__THE DATA__:
⁂

(* Let $\alpha\in(0,1)$, $R>0$, and let $V(\lambda)$ be the maximal Phase-II observation time when at the contact time $t_2$ the target is on the boundary of the observation disk with relative bearing $\lambda\in[-\pi,\pi]$. Then the maximum possible observation time is $\max_{\lambda\in[-\pi,\pi]}V(\lambda)=\frac{2R}{1-\alpha}$.
   Context: Target: position $(0,y_T(t))$, $\dot y_T=1$. Observer: position $(x_O(t),y_O(t))$, $\dot x_O=\alpha\cos\psi(t)$, $\dot y_O=\alpha\sin\psi(t)$, heading $\psi$ a measurable control. Contact with bearing $\lambda$ at time $t_2$ means $\big(x_O(t_2),y_O(t_2)-y_T(t_2)\big)=R(\sin\lambda,\cos\lambda)$. For a control on $[t_2,\infty)$, $t_f=\inf\{t\ge t_2: x_O(t)^2+(y_O(t)-y_T(t))^2>R^2\}$ and the observation time is $t_f-t_2$; $V(\lambda)$ is the supremum of $t_f-t_2$ over all controls. *)

theory Defs
  imports "HOL-Analysis.Analysis"
begin

text \<open>Target: position (0, yT t) with yT t = yT2 + (t - t2) (unit speed along the y-axis,
  yT2 being the target ordinate at the contact time t2).\<close>

definition target_y :: "real \<Rightarrow> real \<Rightarrow> real \<Rightarrow> real" where
  "target_y t2 yT2 t = yT2 + (t - t2)"

definition obs_x :: "real \<Rightarrow> real \<Rightarrow> real \<Rightarrow> real \<Rightarrow> (real \<Rightarrow> real) \<Rightarrow> real \<Rightarrow> real" where
  "obs_x alpha R lam t2 psi t = R * sin lam + integral {t2..t} (\<lambda>s. alpha * cos (psi s))"

definition obs_y :: "real \<Rightarrow> real \<Rightarrow> real \<Rightarrow> real \<Rightarrow> real \<Rightarrow> (real \<Rightarrow> real) \<Rightarrow> real \<Rightarrow> real" where
  "obs_y alpha R lam t2 yT2 psi t = yT2 + R * cos lam + integral {t2..t} (\<lambda>s. alpha * sin (psi s))"

text \<open>Exit time t_f = inf of times t \<ge> t2 at which the target is strictly outside the
  observation disk of radius R; taken in the extended reals (inf of empty set = \<infinity>).\<close>
definition exit_time ::
  "real \<Rightarrow> real \<Rightarrow> real \<Rightarrow> real \<Rightarrow> real \<Rightarrow> (real \<Rightarrow> real) \<Rightarrow> ereal" where
  "exit_time alpha R lam t2 yT2 psi =
     Inf (ereal ` {t. t \<ge> t2 \<and>
        (obs_x alpha R lam t2 psi t)\<^sup>2 + (obs_y alpha R lam t2 yT2 psi t - target_y t2 yT2 t)\<^sup>2 > R\<^sup>2})"

definition V :: "real \<Rightarrow> real \<Rightarrow> real \<Rightarrow> real \<Rightarrow> real \<Rightarrow> ereal" where
  "V alpha R t2 yT2 lam =
     (SUP psi \<in> borel_measurable lborel. exit_time alpha R lam t2 yT2 psi - ereal t2)"

end

theory Submission
  imports Defs
begin

text \<open>The observer's velocity has vertical component at most \<open>alpha < 1\<close>, so the vertical
  offset between observer and target decreases at rate at least \<open>1 - alpha\<close>. Starting from at
  most \<open>R\<close>, it drops below \<open>-R\<close> once more than \<open>2R/(1 - alpha)\<close> has elapsed, whatever the
  bearing and the control. The bound is attained by an observer that makes contact dead ahead
  of the target (\<open>lam = 0\<close>) and then heads straight along the target's course.\<close>

lemma integral_le_const_mult_length:
  fixes f :: "real \<Rightarrow> real"
  assumes "a \<le> b" and "0 \<le> c" and "\<And>x. x \<in> {a..b} \<Longrightarrow> f x \<le> c"
  shows "integral {a..b} f \<le> c * (b - a)"
proof (cases "f integrable_on {a..b}")
  case True
  then have "integral {a..b} f \<le> integral {a..b} (\<lambda>_. c)"
    by (rule integral_le) (use assms in auto)
  with assms(1) show ?thesis
    by (simp add: mult.commute)
next
  case False
  with assms(1,2) show ?thesis
    by (simp add: not_integrable_integral)
qed

lemma Inf_ereal_greaterThan: "Inf (ereal ` {c<..}) = ereal c"
  using ereal_Inf'[of "{c<..}"] by auto

lemma obs_y_minus_target_y_le:
  assumes "t2 \<le> t" and "0 \<le> alpha" and "0 \<le> R"
  shows "obs_y alpha R lam t2 yT2 psi t - target_y t2 yT2 t \<le> R - (1 - alpha) * (t - t2)"
proof -
  have "integral {t2..t} (\<lambda>s. alpha * sin (psi s)) \<le> alpha * (t - t2)"
    using assms(1,2) by (intro integral_le_const_mult_length) (auto simp: mult_left_le)
  moreover have "R * cos lam \<le> R"
    using assms(3) by (simp add: mult_left_le)
  ultimately show ?thesis
    unfolding obs_y_def target_y_def by (simp add: algebra_simps)
qed

lemma exit_time_le:
  assumes "0 \<le> alpha" and "alpha < 1" and "0 \<le> R"
  shows "exit_time alpha R lam t2 yT2 psi \<le> ereal (t2 + 2 * R / (1 - alpha))"
proof -
  define c where "c = t2 + 2 * R / (1 - alpha)"
  have "t2 \<le> t \<and> R\<^sup>2 < (obs_x alpha R lam t2 psi t)\<^sup>2
          + (obs_y alpha R lam t2 yT2 psi t - target_y t2 yT2 t)\<^sup>2" if "c < t" for t
  proof -
    have "t2 \<le> c" using assms by (simp add: c_def)
    with that have "t2 \<le> t" by simp
    have "2 * R < (1 - alpha) * (t - t2)"
      using that assms(2) by (simp add: c_def field_simps)
    with obs_y_minus_target_y_le[OF \<open>t2 \<le> t\<close> assms(1,3), of lam yT2 psi]
    have "obs_y alpha R lam t2 yT2 psi t - target_y t2 yT2 t < - R"
      by linarith
    then have "R\<^sup>2 < (obs_y alpha R lam t2 yT2 psi t - target_y t2 yT2 t)\<^sup>2"
      using assms(3) by (smt (verit) power2_minus power_strict_mono zero_less_numeral)
    with \<open>t2 \<le> t\<close> show ?thesis
      by (smt (verit) zero_le_power2)
  qed
  then have "Inf (ereal ` {t. t2 \<le> t \<and> R\<^sup>2 < (obs_x alpha R lam t2 psi t)\<^sup>2
               + (obs_y alpha R lam t2 yT2 psi t - target_y t2 yT2 t)\<^sup>2}) \<le> Inf (ereal ` {c<..})"
    by (intro Inf_superset_mono image_mono) auto
  then show ?thesis
    unfolding exit_time_def Inf_ereal_greaterThan c_def by simp
qed

lemma exit_time_straight_ahead:
  assumes "0 \<le> alpha" and "alpha < 1" and "0 \<le> R"
  shows "exit_time alpha R 0 t2 yT2 (\<lambda>_. pi / 2) = ereal (t2 + 2 * R / (1 - alpha))"
proof -
  have "(t2 \<le> t \<and> R\<^sup>2 < (obs_x alpha R 0 t2 (\<lambda>_. pi / 2) t)\<^sup>2
          + (obs_y alpha R 0 t2 yT2 (\<lambda>_. pi / 2) t - target_y t2 yT2 t)\<^sup>2)
        \<longleftrightarrow> t2 + 2 * R / (1 - alpha) < t" for t
  proof (cases "t2 \<le> t")
    case True
    define s where "s = (1 - alpha) * (t - t2)"
    have "0 \<le> s" using True assms(2) by (simp add: s_def)
    have "obs_x alpha R 0 t2 (\<lambda>_. pi / 2) t = 0"
      by (simp add: obs_x_def)
    moreover have "obs_y alpha R 0 t2 yT2 (\<lambda>_. pi / 2) t - target_y t2 yT2 t = R - s"
      using True by (simp add: obs_y_def target_y_def s_def algebra_simps)
    moreover have "R\<^sup>2 < (R - s)\<^sup>2 \<longleftrightarrow> 2 * R < s"
    proof -
      have "R\<^sup>2 < (R - s)\<^sup>2 \<longleftrightarrow> 0 < s * (s - 2 * R)"
        by (simp add: power2_eq_square algebra_simps)
      also have "\<dots> \<longleftrightarrow> 2 * R < s"
        using \<open>0 \<le> s\<close> assms(3) by (smt (verit) mult_nonneg_nonpos mult_pos_pos)
      finally show ?thesis .
    qed
    moreover have "2 * R < s \<longleftrightarrow> t2 + 2 * R / (1 - alpha) < t"
      using assms(2) by (simp add: s_def field_simps)
    ultimately show ?thesis
      using True by simp
  next
    case False
    moreover have "0 \<le> 2 * R / (1 - alpha)"
      using assms by simp
    ultimately show ?thesis
      by simp
  qed
  then have "{t. t2 \<le> t \<and> R\<^sup>2 < (obs_x alpha R 0 t2 (\<lambda>_. pi / 2) t)\<^sup>2
          + (obs_y alpha R 0 t2 yT2 (\<lambda>_. pi / 2) t - target_y t2 yT2 t)\<^sup>2}
        = {t2 + 2 * R / (1 - alpha)<..}"
    by auto
  then show ?thesis
    unfolding exit_time_def by (simp add: Inf_ereal_greaterThan)
qed

theorem lemma5:
  fixes alpha R t2 yT2 :: real
  assumes "0 < alpha" and "alpha < 1" and "0 < R"
  shows "(\<forall>lam\<in>{-pi..pi}. V alpha R t2 yT2 lam \<le> ereal (2 * R / (1 - alpha)))
       \<and> (\<exists>lam\<in>{-pi..pi}. V alpha R t2 yT2 lam = ereal (2 * R / (1 - alpha)))"
proof -
  from assms have bounds: "0 \<le> alpha" "alpha < 1" "0 \<le> R"
    by simp_all
  have upper: "V alpha R t2 yT2 lam \<le> ereal (2 * R / (1 - alpha))" for lam
    unfolding V_def
  proof (rule SUP_least)
    fix psi :: "real \<Rightarrow> real"
    show "exit_time alpha R lam t2 yT2 psi - ereal t2 \<le> ereal (2 * R / (1 - alpha))"
      using exit_time_le[OF bounds, of lam t2 yT2 psi]
      by (cases "exit_time alpha R lam t2 yT2 psi") auto
  qed
  have "ereal (2 * R / (1 - alpha)) \<le> V alpha R t2 yT2 0"
    unfolding V_def
    by (rule SUP_upper2[of "\<lambda>_. pi / 2"]) (simp_all add: exit_time_straight_ahead[OF bounds])
  with upper[of 0] have "V alpha R t2 yT2 0 = ereal (2 * R / (1 - alpha))"
    by simp
  then show ?thesis
    using upper by force
qed

end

⁂

In the listing above, find each line with the word "rule" and return it.

    by (rule integral_le) (use assms in auto)
  proof (rule SUP_least)
    by (rule SUP_upper2[of "\<lambda>_. pi / 2"]) (simp_all add: exit_time_straight_ahead[OF bounds])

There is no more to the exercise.